Saved entries
********************

definition double_critical :: "'a set \<Rightarrow> ('a \<Rightarrow> 'a \<Rightarrow> bool) \<Rightarrow> bool" where
  "double_critical V E \<longleftrightarrow> critical V E \<and>
     (\<forall>x y. E x y \<longrightarrow> chi (V - {x, y}) E \<le> chi V E - 2)"

definition complete_graph :: "'a set \<Rightarrow> ('a \<Rightarrow> 'a \<Rightarrow> bool) \<Rightarrow> bool" where
  "complete_graph V E \<longleftrightarrow> (\<forall>x\<in>V. \<forall>y\<in>V. x \<noteq> y \<longrightarrow> E x y)"

definition nbhd :: "'a set \<Rightarrow> ('a \<Rightarrow> 'a \<Rightarrow> bool) \<Rightarrow> 'a \<Rightarrow> 'a set" where
  "nbhd V E x = {y\<in>V. E x y}"

definition degree :: "'a set \<Rightarrow> ('a \<Rightarrow> 'a \<Rightarrow> bool) \<Rightarrow> 'a \<Rightarrow> nat" where
  "degree V E x = card (nbhd V E x)"

definition compl_edges :: "('a \<Rightarrow> 'a \<Rightarrow> bool) \<Rightarrow> 'a \<Rightarrow> 'a \<Rightarrow> bool" where
  "compl_edges E u v \<longleftrightarrow> u \<noteq> v \<and> \<not> E u v"

definition component_of :: "'a set \<Rightarrow> ('a \<Rightarrow> 'a \<Rightarrow> bool) \<Rightarrow> 'a \<Rightarrow> 'a set" where
  "component_of V E u = {v\<in>V. (\<lambda>a b. a \<in> V \<and> b \<in> V \<and> E a b)\<^sup>*\<^sup>* u v}"

definition components :: "'a set \<Rightarrow> ('a \<Rightarrow> 'a \<Rightarrow> bool) \<Rightarrow> 'a set set" where
  "components V E = component_of V E ` V"

text \<open>Its length is then n = card K.\<close>
definition is_cycle_graph :: "'a set \<Rightarrow> ('a \<Rightarrow> 'a \<Rightarrow> bool) \<Rightarrow> bool" where
  "is_cycle_graph K E \<longleftrightarrow> (\<exists>vs. distinct vs \<and> set vs = K \<and> length vs \<ge> 3 \<and>
     (\<forall>i<length vs. \<forall>j<length vs.
        E (vs ! i) (vs ! j) \<longleftrightarrow> (j = Suc i mod length vs \<or> i = Suc j mod length vs)))"

end

theory Submission
  imports Defs
begin

text \<open>
  Let \<open>k = \<chi>(G)\<close> and \<open>N = N(x)\<close>. For \<open>z \<in> N\<close>, double-criticality gives a
  \<open>(k-2)\<close>-colouring of \<open>G - x - z\<close>, and since \<open>G\<close> is not \<open>(k-1)\<close>-colourable every colour
  class contains a common neighbour of \<open>x\<close> and \<open>z\<close> (otherwise recolour). So \<open>z\<close> is adjacent
  to at least \<open>k-2\<close> of the other \<open>k\<close> vertices of \<open>N\<close>, i.e. has degree at most 2 in the
  complement of \<open>G\<^sub>x\<close>; and every complement-neighbour \<open>a\<close> of \<open>z\<close> has a complement-neighbour
  \<open>s \<in> N\<close> which is adjacent to \<open>z\<close> and has the colour of \<open>a\<close>. Hence all complement degrees
  are 0 or 2, so the components are isolated vertices and cycles; there is a cycle because the
  \<open>k+1\<close> vertices of \<open>N\<close> do not form a clique. On a triangle or a 4-cycle through \<open>z\<close> the
  vertex \<open>s\<close> is forced to be the far vertex of the cycle, which is complement-adjacent to \<open>z\<close>
  in a triangle, and in a 4-cycle gives the two (adjacent in \<open>G\<close>) neighbours of \<open>z\<close> the same
  colour.
\<close>

lemma successively_iff_nth:
  "successively P xs \<longleftrightarrow> (\<forall>i. Suc i < length xs \<longrightarrow> P (xs ! i) (xs ! Suc i))"
  by (induction P xs rule: successively.induct) (auto simp: nth_Cons split: nat.splits)

definition closed_walk :: "('a \<Rightarrow> 'a \<Rightarrow> bool) \<Rightarrow> 'a list \<Rightarrow> bool" where
  "closed_walk R vs \<longleftrightarrow> (\<forall>i<length vs. R (vs ! i) (vs ! (Suc i mod length vs)))"

locale max_degree_two =
  fixes N :: "'a set" and R :: "'a \<Rightarrow> 'a \<Rightarrow> bool"
  assumes finite_N: "finite N"
    and sym: "R a b \<Longrightarrow> R b a"
    and degree_le_two: "a \<in> N \<Longrightarrow> card {b\<in>N. R a b} \<le> 2"
begin

lemma third_neighbour:
  assumes "a \<in> N" "p \<in> N" "q \<in> N" "s \<in> N" "R a p" "R a q" "R a s" "p \<noteq> q"
  shows "s = p \<or> s = q"
proof (rule ccontr)
  assume "\<not> (s = p \<or> s = q)"
  then have "card {p, q, s} = 3" using assms by auto
  moreover have "card {p, q, s} \<le> card {b\<in>N. R a b}"
    using assms finite_N by (intro card_mono) auto
  ultimately show False using degree_le_two[OF \<open>a \<in> N\<close>] by linarith
qed

lemma closed_walk_neighbour:
  assumes vs: "distinct vs" "set vs \<subseteq> N" "3 \<le> length vs" "closed_walk R vs"
    and i: "i < length vs" and b: "b \<in> N" "R (vs ! i) b"
  shows "\<exists>j<length vs. b = vs ! j \<and> (j = Suc i mod length vs \<or> i = Suc j mod length vs)"
proof -
  define n where "n = length vs"
  define p where "p = (if i = 0 then n - 1 else i - 1)"
  have p: "p < n" "Suc p mod n = i" "Suc i mod n \<noteq> p" "Suc i mod n < n"
    using i vs(3) unfolding p_def n_def by (auto simp: mod_Suc)
  have "R (vs ! i) (vs ! (Suc i mod n))" "R (vs ! i) (vs ! p)"
    using vs(4) i p unfolding closed_walk_def n_def by (auto intro: sym)
  moreover have "vs ! (Suc i mod n) \<noteq> vs ! p"
    using vs(1) p by (simp add: nth_eq_iff_index_eq n_def)
  ultimately have "b = vs ! (Suc i mod n) \<or> b = vs ! p"
    using third_neighbour vs(2) i p b unfolding n_def by (meson nth_mem subsetD)
  then show ?thesis using p unfolding n_def by blast
qed

lemma closed_walk_is_cycle_graph:
  assumes vs: "distinct vs" "set vs \<subseteq> N" "3 \<le> length vs" "closed_walk R vs"
  shows "is_cycle_graph (set vs) R"
  unfolding is_cycle_graph_def
proof (intro exI conjI allI impI)
  fix i j assume ij: "i < length vs" "j < length vs"
  show "R (vs ! i) (vs ! j) \<longleftrightarrow> (j = Suc i mod length vs \<or> i = Suc j mod length vs)"
  proof
    assume "R (vs ! i) (vs ! j)"
    then obtain j' where "j' < length vs" "vs ! j = vs ! j'"
        "j' = Suc i mod length vs \<or> i = Suc j' mod length vs"
      using closed_walk_neighbour[OF vs ij(1)] vs(2) ij(2) by (meson nth_mem subsetD)
    then show "j = Suc i mod length vs \<or> i = Suc j mod length vs"
      using vs(1) ij(2) by (simp add: nth_eq_iff_index_eq)
  next
    assume "j = Suc i mod length vs \<or> i = Suc j mod length vs"
    then show "R (vs ! i) (vs ! j)"
      using vs(4) ij unfolding closed_walk_def by (auto intro: sym)
  qed
qed (use vs in auto)

lemma closed_walk_component:
  assumes vs: "distinct vs" "set vs \<subseteq> N" "3 \<le> length vs" "closed_walk R vs"
  shows "component_of N R (hd vs) = set vs"
proof -
  let ?R = "\<lambda>a b. a \<in> N \<and> b \<in> N \<and> R a b"
  have "?R\<^sup>*\<^sup>* (hd vs) (vs ! i)" if "i < length vs" for i
    using that
  proof (induction i)
    case 0 then show ?case by (simp add: hd_conv_nth)
  next
    case (Suc i)
    then have "?R (vs ! i) (vs ! Suc i)"
      using vs(2,4) unfolding closed_walk_def by (metis Suc_lessD mod_less nth_mem subsetD)
    with Suc show ?case by (simp add: rtranclp.rtrancl_into_rtrancl)
  qed
  moreover have "v \<in> set vs" if "?R\<^sup>*\<^sup>* (hd vs) v" for v
    using that
  proof (induction rule: rtranclp_induct)
    case base then show ?case using vs(3) by (cases vs) auto
  next
    case (step a b)
    then obtain i where "i < length vs" "a = vs ! i" by (auto simp: in_set_conv_nth)
    with step closed_walk_neighbour[OF vs] show ?case by (metis nth_mem)
  qed
  ultimately show ?thesis
    using vs(2) unfolding component_of_def by (auto simp: in_set_conv_nth)
qed

end

lemma component_of_isolated:
  assumes "u \<in> N" "\<not> (\<exists>b\<in>N. R u b)"
  shows "component_of N R u = {u}"
proof -
  have "v = u" if "(\<lambda>a b. a \<in> N \<and> b \<in> N \<and> R a b)\<^sup>*\<^sup>* u v" for v
    using that by (rule converse_rtranclpE) (use assms in auto)
  with assms(1) show ?thesis unfolding component_of_def by auto
qed

lemma components_subset: "K \<in> components N R \<Longrightarrow> K \<subseteq> N"
  unfolding components_def component_of_def by blast

locale degree_zero_or_two = max_degree_two +
  assumes irrefl: "\<not> R a a"
    and no_leaf: "a \<in> N \<Longrightarrow> b \<in> N \<Longrightarrow> R a b \<Longrightarrow> \<exists>c\<in>N. R a c \<and> c \<noteq> b"
begin

text \<open>The last vertex has a second neighbour on the walk; an interior vertex cannot be it, as it
  would then have three neighbours, so it is the first one.\<close>

lemma maximal_walk_closes:
  assumes vs: "distinct vs" "set vs \<subseteq> N" "successively R vs" "2 \<le> length vs"
    and maximal: "\<And>t. t \<in> N \<Longrightarrow> R (last vs) t \<Longrightarrow> t \<in> set vs"
  shows "3 \<le> length vs \<and> R (last vs) (hd vs)"
proof -
  define l where "l = length vs - 1"
  have "vs \<noteq> []" using vs(4) by auto
  then have l: "l < length vs" "vs ! l = last vs" "vs ! (l - 1) \<noteq> vs ! l"
    using vs(1,4) last_conv_nth[of vs] unfolding l_def by (auto simp: nth_eq_iff_index_eq)
  have walk: "R (vs ! i) (vs ! Suc i)" if "Suc i < length vs" for i
    using vs(3) that by (simp add: successively_iff_nth)
  have inN: "vs ! i \<in> N" if "i < length vs" for i
    using vs(2) that by auto
  have "Suc (l - 1) = l" using vs(4) unfolding l_def by simp
  then have "R (vs ! l) (vs ! (l - 1))"
    using walk[of "l - 1"] l(1) by (simp add: sym)
  moreover have "l - 1 < length vs" using l(1) by linarith
  ultimately obtain c where c: "c \<in> N" "R (vs ! l) c" "c \<noteq> vs ! (l - 1)"
    using no_leaf[OF inN[OF l(1)] inN] by blast
  then obtain j where j: "j < length vs" "c = vs ! j"
    using maximal l(2) by (metis in_set_conv_nth)
  have "j \<noteq> l" using c j irrefl by auto
  moreover have "j \<noteq> l - 1" using c j by auto
  ultimately have jl: "j + 1 < l" using j l_def by auto
  have "j = 0"
  proof (rule ccontr)
    assume "j \<noteq> 0"
    then have "R (vs ! j) (vs ! (j - 1))" "R (vs ! j) (vs ! Suc j)" "R (vs ! j) (vs ! l)"
      using walk[of "j - 1"] walk[of j] jl l(1) c(2) j(2) by (auto intro: sym)
    moreover have "vs ! (j - 1) \<noteq> vs ! Suc j" "vs ! l \<noteq> vs ! (j - 1)" "vs ! l \<noteq> vs ! Suc j"
      using vs(1) jl l(1) by (auto simp: nth_eq_iff_index_eq)
    moreover have "j < length vs" "j - 1 < length vs" "Suc j < length vs"
      using jl l(1) by linarith+
    ultimately show False
      using third_neighbour[OF inN inN inN inN, of j "j - 1" "Suc j" l] l(1) by blast
  qed
  then show ?thesis
    using c j jl l vs(4) unfolding l_def by (auto simp: hd_conv_nth)
qed

lemma closed_walk_through_edge:
  assumes u: "u \<in> N" "b \<in> N" "R u b"
  shows "\<exists>vs. distinct vs \<and> set vs \<subseteq> N \<and> 3 \<le> length vs \<and> hd vs = u \<and> closed_walk R vs"
proof -
  define S where "S = {vs. distinct vs \<and> set vs \<subseteq> N \<and> vs \<noteq> [] \<and> hd vs = u \<and> successively R vs}"
  have "[u] \<in> S" using u unfolding S_def by auto
  moreover have "length vs < Suc (card N)" if "vs \<in> S" for vs
  proof -
    have "length vs = card (set vs)" using that distinct_card unfolding S_def by fastforce
    also have "\<dots> \<le> card N" using that finite_N card_mono unfolding S_def by blast
    finally show ?thesis by simp
  qed
  ultimately obtain vs where vs: "vs \<in> S" and longest: "\<And>ws. ws \<in> S \<Longrightarrow> length ws \<le> length vs"
    using ex_has_greatest_nat[of "\<lambda>vs. vs \<in> S" "[u]" length "Suc (card N)"] by blast
  have maximal: "t \<in> set vs" if "t \<in> N" "R (last vs) t" for t
  proof (rule ccontr)
    assume "t \<notin> set vs"
    then have "vs @ [t] \<in> S"
      using vs that unfolding S_def by (auto simp: successively_append_iff)
    then show False using longest[of "vs @ [t]"] by simp
  qed
  have "2 \<le> length vs"
  proof (rule ccontr)
    assume "\<not> 2 \<le> length vs"
    then have "vs = [u]" using vs unfolding S_def by (cases vs) (auto simp: Suc_le_eq)
    then show False using maximal[of b] u irrefl by auto
  qed
  then have closes: "3 \<le> length vs \<and> R (last vs) (hd vs)"
    using maximal_walk_closes maximal vs unfolding S_def by blast
  have "closed_walk R vs"
    unfolding closed_walk_def
  proof (intro allI impI)
    fix i assume i: "i < length vs"
    show "R (vs ! i) (vs ! (Suc i mod length vs))"
    proof (cases "Suc i < length vs")
      case True then show ?thesis using vs unfolding S_def by (simp add: successively_iff_nth)
    next
      case False
      then have "i = length vs - 1" "vs \<noteq> []" using i by auto
      then show ?thesis using closes by (simp add: last_conv_nth hd_conv_nth)
    qed
  qed
  with vs closes show ?thesis unfolding S_def by blast
qed

lemma component_of_is_cycle_graph:
  assumes "u \<in> N" "b \<in> N" "R u b"
  shows "is_cycle_graph (component_of N R u) R"
proof -
  obtain vs where vs: "distinct vs" "set vs \<subseteq> N" "3 \<le> length vs" "hd vs = u" "closed_walk R vs"
    using closed_walk_through_edge[OF assms] by blast
  then have "component_of N R u = set vs"
    using closed_walk_component by blast
  with vs show ?thesis using closed_walk_is_cycle_graph by simp
qed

********************

## Exercise
Which lines above run from the one containing "mod n) \<noteq>" down to the one containing "then obtain j'"? Repeat exactly those, both ends included, and nothing else.

## Your solution
  moreover have "vs ! (Suc i mod n) \<noteq> vs ! p"
    using vs(1) p by (simp add: nth_eq_iff_index_eq n_def)
  ultimately have "b = vs ! (Suc i mod n) \<or> b = vs ! p"
    using third_neighbour vs(2) i p b unfolding n_def by (meson nth_mem subsetD)
  then show ?thesis using p unfolding n_def by blast
qed

lemma closed_walk_is_cycle_graph:
  assumes vs: "distinct vs" "set vs \<subseteq> N" "3 \<le> length vs" "closed_walk R vs"
  shows "is_cycle_graph (set vs) R"
  unfolding is_cycle_graph_def
proof (intro exI conjI allI impI)
  fix i j assume ij: "i < length vs" "j < length vs"
  show "R (vs ! i) (vs ! j) \<longleftrightarrow> (j = Suc i mod length vs \<or> i = Suc j mod length vs)"
  proof
    assume "R (vs ! i) (vs ! j)"
    then obtain j' where "j' < length vs" "vs ! j = vs ! j'"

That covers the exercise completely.